***** GIVEN INFORMATION
lemma L2nrm_mult_right: "L2nrm \<Omega> (\<lambda>x. \<psi> x * r) = \<bar>r\<bar> * L2nrm \<Omega> \<psi>"
proof -
  have "(LINT x:\<Omega>|lborel. (\<psi> x * r)\<^sup>2) = r\<^sup>2 * (LINT x:\<Omega>|lborel. (\<psi> x)\<^sup>2)"
    by (simp add: power_mult_distrib mult.commute)
  then show ?thesis unfolding L2nrm_def by (simp add: real_sqrt_mult)
qed

lemma set_integral_square_nonneg:
  fixes \<psi> :: "'a::euclidean_space \<Rightarrow> real"
  shows "0 \<le> (LINT x:\<Omega>|lborel. (\<psi> x)\<^sup>2)"
  unfolding set_lebesgue_integral_def by (rule Bochner_Integration.integral_nonneg) simp

lemma L2nrm_nonneg: "0 \<le> L2nrm \<Omega> \<psi>"
  unfolding L2nrm_def using set_integral_square_nonneg by simp

lemma L2nrm_square: "(L2nrm \<Omega> \<psi>)\<^sup>2 = (LINT x:\<Omega>|lborel. (\<psi> x)\<^sup>2)"
  unfolding L2nrm_def using set_integral_square_nonneg by simp

lemma (in poly_interval) QInt_separated_square:
  assumes d: "\<And>t x. t \<in> {a<..<b} \<Longrightarrow> d x t = \<psi> x * poly P t"
  shows "QInt \<Omega> a b (\<lambda>x t. (d x t)\<^sup>2) = (L2nrm \<Omega> \<psi>)\<^sup>2 * Ipoly (P * P)"
proof -
  have PP: "poly (P * P) = (\<lambda>t. poly P t * poly P t)" by auto
  have "(LINT x:\<Omega>|lborel. (d x t)\<^sup>2) = (L2nrm \<Omega> \<psi>)\<^sup>2 * poly (P * P) t" if "t \<in> {a<..<b}" for t
  proof -
    have "(LINT x:\<Omega>|lborel. (d x t)\<^sup>2) = (LINT x:\<Omega>|lborel. (\<psi> x)\<^sup>2) * (poly P t)\<^sup>2"
      using d[OF that] by (simp add: power_mult_distrib)
    then show ?thesis unfolding L2nrm_square by (simp add: power2_eq_square)
  qed
  then have "QInt \<Omega> a b (\<lambda>x t. (d x t)\<^sup>2) = (LINT t:{a<..<b}|lborel. (L2nrm \<Omega> \<psi>)\<^sup>2 * poly (P * P) t)"
    unfolding QInt_def by (intro set_lebesgue_integral_cong) auto
  also have "\<dots> = integral {a..b} (\<lambda>t. (L2nrm \<Omega> \<psi>)\<^sup>2 * poly (P * P) t)"
    by (rule set_integral_Ioo_eq_integral(2)) (intro continuous_intros)
  finally show ?thesis unfolding Ipoly_def PP by simp
qed

context legendre
begin

lemma QInt_antideriv_orth:
  assumes \<Omega>: "open \<Omega>" "bounded \<Omega>" and \<psi>: "continuous_on UNIV \<psi>"
    and \<phi>: "\<And>j. j \<le> k \<Longrightarrow> continuous_on UNIV (\<phi> j)" and k: "k + 2 \<le> q"
    and e: "\<And>t x. t \<in> {a<..<b} \<Longrightarrow> e x t = \<psi> x * poly antideriv t"
  shows "QInt \<Omega> a b (\<lambda>x t. e x t * (\<Sum>j\<le>k. t ^ j * \<phi> j x)) = 0"
proof -
  define M where "M j = (LINT x:\<Omega>|lborel. \<psi> x * \<phi> j x)" for j
  have "(LINT x:\<Omega>|lborel. e x t * (\<Sum>j\<le>k. t ^ j * \<phi> j x))
      = (\<Sum>j\<le>k. M j * (poly antideriv t * t ^ j))" if t: "t \<in> {a<..<b}" for t
  proof -
    have "(LINT x:\<Omega>|lborel. e x t * (\<Sum>j\<le>k. t ^ j * \<phi> j x))
        = (LINT x:\<Omega>|lborel. (\<Sum>j\<le>k. (poly antideriv t * t ^ j) * (\<psi> x * \<phi> j x)))"
      by (rule set_lebesgue_integral_cong) (use \<Omega> e[OF t] in \<open>auto simp: sum_distrib_left mult_ac\<close>)
    also have "\<dots> = (\<Sum>j\<le>k. LINT x:\<Omega>|lborel. (poly antideriv t * t ^ j) * (\<psi> x * \<phi> j x))"
      by (rule set_integral_sum)
         (auto intro!: set_integrable_continuous_bounded[OF \<Omega>(2,1)] continuous_intros \<psi> \<phi>)
    also have "\<dots> = (\<Sum>j\<le>k. (poly antideriv t * t ^ j) * M j)"
      unfolding M_def by (simp only: set_integral_mult_right)
    finally show ?thesis by (simp add: mult_ac)
  qed
  then have "QInt \<Omega> a b (\<lambda>x t. e x t * (\<Sum>j\<le>k. t ^ j * \<phi> j x))
      = (LINT t:{a<..<b}|lborel. (\<Sum>j\<le>k. M j * (poly antideriv t * t ^ j)))"
    unfolding QInt_def by (intro set_lebesgue_integral_cong) auto
  also have "\<dots> = integral {a..b} (\<lambda>t. \<Sum>j\<le>k. M j * (poly antideriv t * t ^ j))"
    by (rule set_integral_Ioo_eq_integral(2)) (intro continuous_intros)
  also have "\<dots> = (\<Sum>j\<le>k. M j * integral {a..b} (\<lambda>t. poly antideriv t * t ^ j))"
    by (subst integral_sum) (auto intro!: integrable_continuous_interval continuous_intros)
  also have "\<dots> = 0" using antideriv_orth k by simp
  finally show ?thesis .
qed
**********
### [TASK PROMPT]
Show each line of the material holding "lambda".

### [EXERCISE ANSWER]
lemma L2nrm_mult_right: "L2nrm \<Omega> (\<lambda>x. \<psi> x * r) = \<bar>r\<bar> * L2nrm \<Omega> \<psi>"
  shows "QInt \<Omega> a b (\<lambda>x t. (d x t)\<^sup>2) = (L2nrm \<Omega> \<psi>)\<^sup>2 * Ipoly (P * P)"
  have PP: "poly (P * P) = (\<lambda>t. poly P t * poly P t)" by auto
  then have "QInt \<Omega> a b (\<lambda>x t. (d x t)\<^sup>2) = (LINT t:{a<..<b}|lborel. (L2nrm \<Omega> \<psi>)\<^sup>2 * poly (P * P) t)"
  also have "\<dots> = integral {a..b} (\<lambda>t. (L2nrm \<Omega> \<psi>)\<^sup>2 * poly (P * P) t)"
  shows "QInt \<Omega> a b (\<lambda>x t. e x t * (\<Sum>j\<le>k. t ^ j * \<phi> j x)) = 0"
  then have "QInt \<Omega> a b (\<lambda>x t. e x t * (\<Sum>j\<le>k. t ^ j * \<phi> j x))
  also have "\<dots> = integral {a..b} (\<lambda>t. \<Sum>j\<le>k. M j * (poly antideriv t * t ^ j))"
  also have "\<dots> = (\<Sum>j\<le>k. M j * integral {a..b} (\<lambda>t. poly antideriv t * t ^ j))"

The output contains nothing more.